Nearly home. Heaven could feel her heart start to beat just a little bit too fast.

‘Look, it’s starting to snow,’ he told her urgently as small fine white flakes started to drift across the car windscreen.

‘Snow!’ Heaven peered out of the window as excitedly as a small child, whilst Jon watched her and laughed.

‘You look about sixteen,’ he teased her, ‘with your hair all ruffled and your make-up…’

When his glance drifted to her mouth Heaven discovered that she was colouring up again as she remembered how she’d come to be denuded of her lipstick. Self-consciously she touched her lips with her fingertips and then tensed as Jon told her softly, ‘Don’t do that…’

‘Why not?’ Heaven whispered back to him, her eyes soft and huge in her small face as she turned uncertainly to look at him.

The road was empty; it was three o’clock in the morning.
Swiftly Jon brought the car to a halt and reached for her, gathering her into his arms as he whispered against her mouth, ‘Because it makes me want to kiss you.’

Heaven tried to protest as logic and common sense dictated that she must, but happily the very fact that Jon’s mouth was already covering hers, caressing hers, meant that her protest never got further than an ‘Oh’—and for some reason instead of recognising this for what it was Jon seemed to think that the soft parting of her lips wasn’t so much representative of a womanly objection to his kiss-stealing actions but in fact a very feminine invitation to make the kiss even more intimate and devastating to Heaven’s vulnerable self-control.

Mmm… Outside the car it might be cold enough to be snowing but inside the temperature was quite definitely rising. The sexual chemistry and magnetism between them were positively making the air sizzle, Heaven recognised dreamily as she snuggled closer to Jon, her hands automatically sliding beneath his jacket to hold him closer.

The deep sound of satisfaction he made in response to her own softer but very recognisable sensual response made Heaven feel as though she was melting, slowly, deliciously, languorously, and as inevitably as a dish of ice cream in the warm summer sun. Jon made her feel all soft and sensual and deliciously, dangerously wanton, as though… as though…

‘What happened to you? We should have done this months ago,’ she heard Jon groaning as he drew her even closer.

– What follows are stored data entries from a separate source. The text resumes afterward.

lemma shear_gen:
  assumes i: "1 \<le> i"
  shows "shear \<phi> A (gen i) = (if i \<in> A then gadd (gen i) (P i) else gen i)"
proof -
  define c where "c = (\<lambda>i. if i \<in> A then -2 else (1::'a))"
  have hom: "ghom \<phi>" "ghom (diag c)"
    using \<phi> grass_aut_imp_ghom[OF grass_aut_diag[of c]]
    by (auto simp: c_def elim: flip_group_memE)
  have gi: "gen i \<in> grass_carrier"
    using i by (rule gen_in_carrier)
  show ?thesis
  proof (cases "i \<in> A")
    case True
    then have iN: "i \<in> {1..N}"
      using A by blast
    have "diag c (P i) = P i"
      using A iN by (intro diag_fixes_P) (auto simp: c_def)
    then have "diag c (flip_gen P i) = gadd (gsmult (-1) (gsmult (-2) (gen i))) (gsmult 2 (P i))"
      using ghom_flip_gen[OF hom(2) iN] True by (simp add: diag_gen c_def)
    moreover have "\<phi> (gen i) = flip_gen P i"
      using flips i True by (simp add: flips_def)
    ultimately have "shear \<phi> A (gen i) = gsmult (1/2) (gadd (gsmult (-1) (gsmult (-2) (gen i))) (gsmult 2 (P i)))"
      using True ghom_gsmult[OF hom(1) gi] ghom_gsmult[OF hom(2) flip_gen_in_carrier[OF iN]]
      by (simp add: shear_def diag_gen c_def)
    also have "\<dots> = gadd (gen i) (P i)"
      by (simp add: fun_eq_iff gadd_def gsmult_def algebra_simps)
    finally show ?thesis
      using True by simp
  next
    case False
    then have "\<phi> (gen i) = gen i"
      using flips i by (simp add: flips_def)
    with False show ?thesis
      by (simp add: shear_def diag_gen gsmult_def)
  qed
qed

Months ago he had left on a flight to goodness knew where after one brief date, whilst she…

The shudder of remembered revulsion and shame
which had begun to tense her body turned to a shivery muscle reaction of a very different type as Jon’s hand slid upwards over her body towards her breast. She could hear her own heartbeat picking up speed, feel her whole body starting to react to the urgent pressure of his hand against her breast.

‘Oh-h-h…’ Heaven couldn’t stop herself from giving a small betraying gasp of pleasure as Jon’s thumb circled her nipple, causing it to harden and beg unashamedly and very provocatively for even more of his touch.

‘You’re making me feel… react… more like a teenager than a grown man,’ she heard him whispering, groaning in her ear as he started to drag a passionate line of kisses along her jaw and over her throat.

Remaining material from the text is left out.